Provided records |

====================

definition sig_pow :: "('r \<Rightarrow> 'r) \<Rightarrow> int \<Rightarrow> 'r \<Rightarrow> 'r" where
  "sig_pow \<sigma> n = (if 0 \<le> n then \<sigma> ^^ nat n else (inv \<sigma>) ^^ nat (- n))"

text \<open>Elements are finitely supported coefficient functions \<open>f\<close>, standing for
  \<open>\<Sum>\<^sub>n f n t^n\<close>.\<close>
definition fin_supp :: "(int \<Rightarrow> 'r::zero) \<Rightarrow> bool" where
  "fin_supp f \<longleftrightarrow> finite {n. f n \<noteq> 0}"

definition skew_mono :: "int \<Rightarrow> 'r::zero \<Rightarrow> int \<Rightarrow> 'r" where
  "skew_mono n r = (\<lambda>k. if k = n then r else 0)"

text \<open>Multiplication: \<open>(a t^i)(b t^j) = a \<sigma>^i(b) t^{i+j}\<close>.\<close>
definition skew_mult :: "('r::comm_ring_1 \<Rightarrow> 'r) \<Rightarrow> (int \<Rightarrow> 'r) \<Rightarrow> (int \<Rightarrow> 'r) \<Rightarrow> int \<Rightarrow> 'r" where
  "skew_mult \<sigma> f g = (\<lambda>n. \<Sum>i\<in>{i. f i \<noteq> 0}. f i * sig_pow \<sigma> i (g (n - i)))"

fun Ipos :: "('r::comm_ring_1 \<Rightarrow> 'r) \<Rightarrow> 'r set \<Rightarrow> nat \<Rightarrow> 'r set" where
  "Ipos \<sigma> J 0 = UNIV"
| "Ipos \<sigma> J (Suc n) = ideal_prod (Ipos \<sigma> J n) (sig_pow \<sigma> (int n) ` J)"

fun Ineg :: "('r::comm_ring_1 \<Rightarrow> 'r) \<Rightarrow> 'r set \<Rightarrow> nat \<Rightarrow> 'r set" where
  "Ineg \<sigma> H 0 = UNIV"
| "Ineg \<sigma> H (Suc n) = ideal_prod (Ineg \<sigma> H n) (sig_pow \<sigma> (- int (Suc n)) ` H)"

text \<open>\<open>I^{(n)}\<close>: \<open>I^{(0)} = R\<close>, \<open>I^{(n)} = J\<sigma>(J)\<cdots>\<sigma>^{n-1}(J)\<close> for \<open>n \<ge> 1\<close>,
  \<open>I^{(n)} = \<sigma>^{-1}(H)\<sigma>^{-2}(H)\<cdots>\<sigma>^{n}(H)\<close> for \<open>n \<le> -1\<close>.\<close>
definition BR_I :: "('r::comm_ring_1 \<Rightarrow> 'r) \<Rightarrow> 'r set \<Rightarrow> 'r set \<Rightarrow> int \<Rightarrow> 'r set" where
  "BR_I \<sigma> H J n = (if 0 \<le> n then Ipos \<sigma> J (nat n) else Ineg \<sigma> H (nat (- n)))"

text \<open>The BR algebra \<open>B = \<Oplus>\<^sub>n I^{(n)} t^n \<subseteq> R[t,t^{-1};\<sigma>]\<close>.\<close>
definition BR_alg :: "('r::comm_ring_1 \<Rightarrow> 'r) \<Rightarrow> 'r set \<Rightarrow> 'r set \<Rightarrow> (int \<Rightarrow> 'r) set" where
  "BR_alg \<sigma> H J = {f. fin_supp f \<and> (\<forall>n. f n \<in> BR_I \<sigma> H J n)}"

definition BR_comp :: "('r::comm_ring_1 \<Rightarrow> 'r) \<Rightarrow> 'r set \<Rightarrow> 'r set \<Rightarrow> int \<Rightarrow> (int \<Rightarrow> 'r) set" where
  "BR_comp \<sigma> H J n = {skew_mono n a |a. a \<in> BR_I \<sigma> H J n}"

definition BR_S :: "'r::comm_ring_1 set \<Rightarrow> 'r set \<Rightarrow> 'r set set" where
  "BR_S H J = {p. prime_ideal p \<and> ideal_prod H J \<subseteq> p}"

definition left_module :: "('r::comm_ring_1 \<Rightarrow> 'r) \<Rightarrow> (int \<Rightarrow> 'r) set \<Rightarrow>
    ((int \<Rightarrow> 'r) \<Rightarrow> 'm::ab_group_add \<Rightarrow> 'm) \<Rightarrow> bool" where
  "left_module \<sigma> B act \<longleftrightarrow>
     (\<forall>f\<in>B. \<forall>v w. act f (v + w) = act f v + act f w)
   \<and> (\<forall>f\<in>B. \<forall>g\<in>B. \<forall>v. act (\<lambda>n. f n + g n) v = act f v + act g v)
   \<and> (\<forall>f\<in>B. \<forall>g\<in>B. \<forall>v. act (skew_mult \<sigma> f g) v = act f (act g v))
   \<and> (\<forall>v. act (skew_mono 0 1) v = v)"

text \<open>\<open>M_\<mm> = {v \<in> M. \<mm> v = 0}\<close> (R acting through \<open>R = B_0\<close>).\<close>
definition weight_space :: "((int \<Rightarrow> 'r::comm_ring_1) \<Rightarrow> 'm::ab_group_add \<Rightarrow> 'm) \<Rightarrow> 'r set \<Rightarrow> 'm set" where
  "weight_space act m = {v. \<forall>r\<in>m. act (skew_mono 0 r) v = 0}"

text \<open>\<open>R\<close>-span (= \<open>R/\<mm>\<close>-span on \<open>M_\<mm>\<close>) of a finite set.\<close>
definition R_span :: "((int \<Rightarrow> 'r::comm_ring_1) \<Rightarrow> 'm::ab_group_add \<Rightarrow> 'm) \<Rightarrow> 'm set \<Rightarrow> 'm set" where
  "R_span act S = {\<Sum>s\<in>S. act (skew_mono 0 (c s)) s |c. True}"

text \<open>\<open>M = \<Oplus>\<^sub>\<mm> M_\<mm>\<close> over maximal ideals, with each \<open>M_\<mm>\<close> finite-dimensional
  over \<open>R/\<mm>\<close> (i.e. spanned by finitely many vectors).\<close>
definition R_weight_module :: "((int \<Rightarrow> 'r::comm_ring_1) \<Rightarrow> 'm::ab_group_add \<Rightarrow> 'm) \<Rightarrow> bool" where
  "R_weight_module act \<longleftrightarrow>
     (\<forall>v. \<exists>F g. finite F \<and> (\<forall>m\<in>F. maximal_ideal m \<and> g m \<in> weight_space act m)
              \<and> v = (\<Sum>m\<in>F. g m))
   \<and> (\<forall>F g. finite F \<and> (\<forall>m\<in>F. maximal_ideal m \<and> g m \<in> weight_space act m)
              \<and> (\<Sum>m\<in>F. g m) = 0 \<longrightarrow> (\<forall>m\<in>F. g m = 0))
   \<and> (\<forall>m. maximal_ideal m \<longrightarrow>
        (\<exists>S. finite S \<and> S \<subseteq> weight_space act m \<and> weight_space act m \<subseteq> R_span act S))"

end

theory Submission
  imports Defs
begin

text \<open>The annihilator of \<open>w\<close> in \<open>R = B\<^sub>0\<close> is an ideal containing the maximal ideal \<open>\<mm>\<close>
  but not \<open>1\<close>, hence equals \<open>\<mm>\<close>. For \<open>h \<in> H\<close>, \<open>j \<in> J\<close> we have
  \<open>(\<sigma>\<^sup>-\<^sup>1(h) t\<^sup>-\<^sup>1)(j t) = \<sigma>\<^sup>-\<^sup>1(hj)\<close> and \<open>(j t)(\<sigma>\<^sup>-\<^sup>1(h) t\<^sup>-\<^sup>1) = jh\<close>. So if \<open>B\<^sub>1 w = 0\<close>
  then \<open>\<sigma>\<^sup>-\<^sup>1(HJ) \<subseteq> \<mm>\<close>, i.e. \<open>HJ \<subseteq> \<sigma>(\<mm>)\<close>; if \<open>B\<^sub>-\<^sub>1 w = 0\<close> then \<open>HJ \<subseteq> \<mm>\<close>.
  Both \<open>\<mm>\<close> and \<open>\<sigma>(\<mm>)\<close> are prime.\<close>

lemma ring_hom_fun_zero: "ring_hom_fun f \<Longrightarrow> f 0 = 0"
  unfolding ring_hom_fun_def by (metis add_cancel_right_right add_0)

====================

Exercise aim |
In the listing above, locate the line with "(\<forall>v. act (skew_mono" and the line with "(skew_mono 0 r)", then extract exactly those lines and every line between them, and nothing more.

Written response |
   \<and> (\<forall>v. act (skew_mono 0 1) v = v)"

text \<open>\<open>M_\<mm> = {v \<in> M. \<mm> v = 0}\<close> (R acting through \<open>R = B_0\<close>).\<close>
definition weight_space :: "((int \<Rightarrow> 'r::comm_ring_1) \<Rightarrow> 'm::ab_group_add \<Rightarrow> 'm) \<Rightarrow> 'r set \<Rightarrow> 'm set" where
  "weight_space act m = {v. \<forall>r\<in>m. act (skew_mono 0 r) v = 0}"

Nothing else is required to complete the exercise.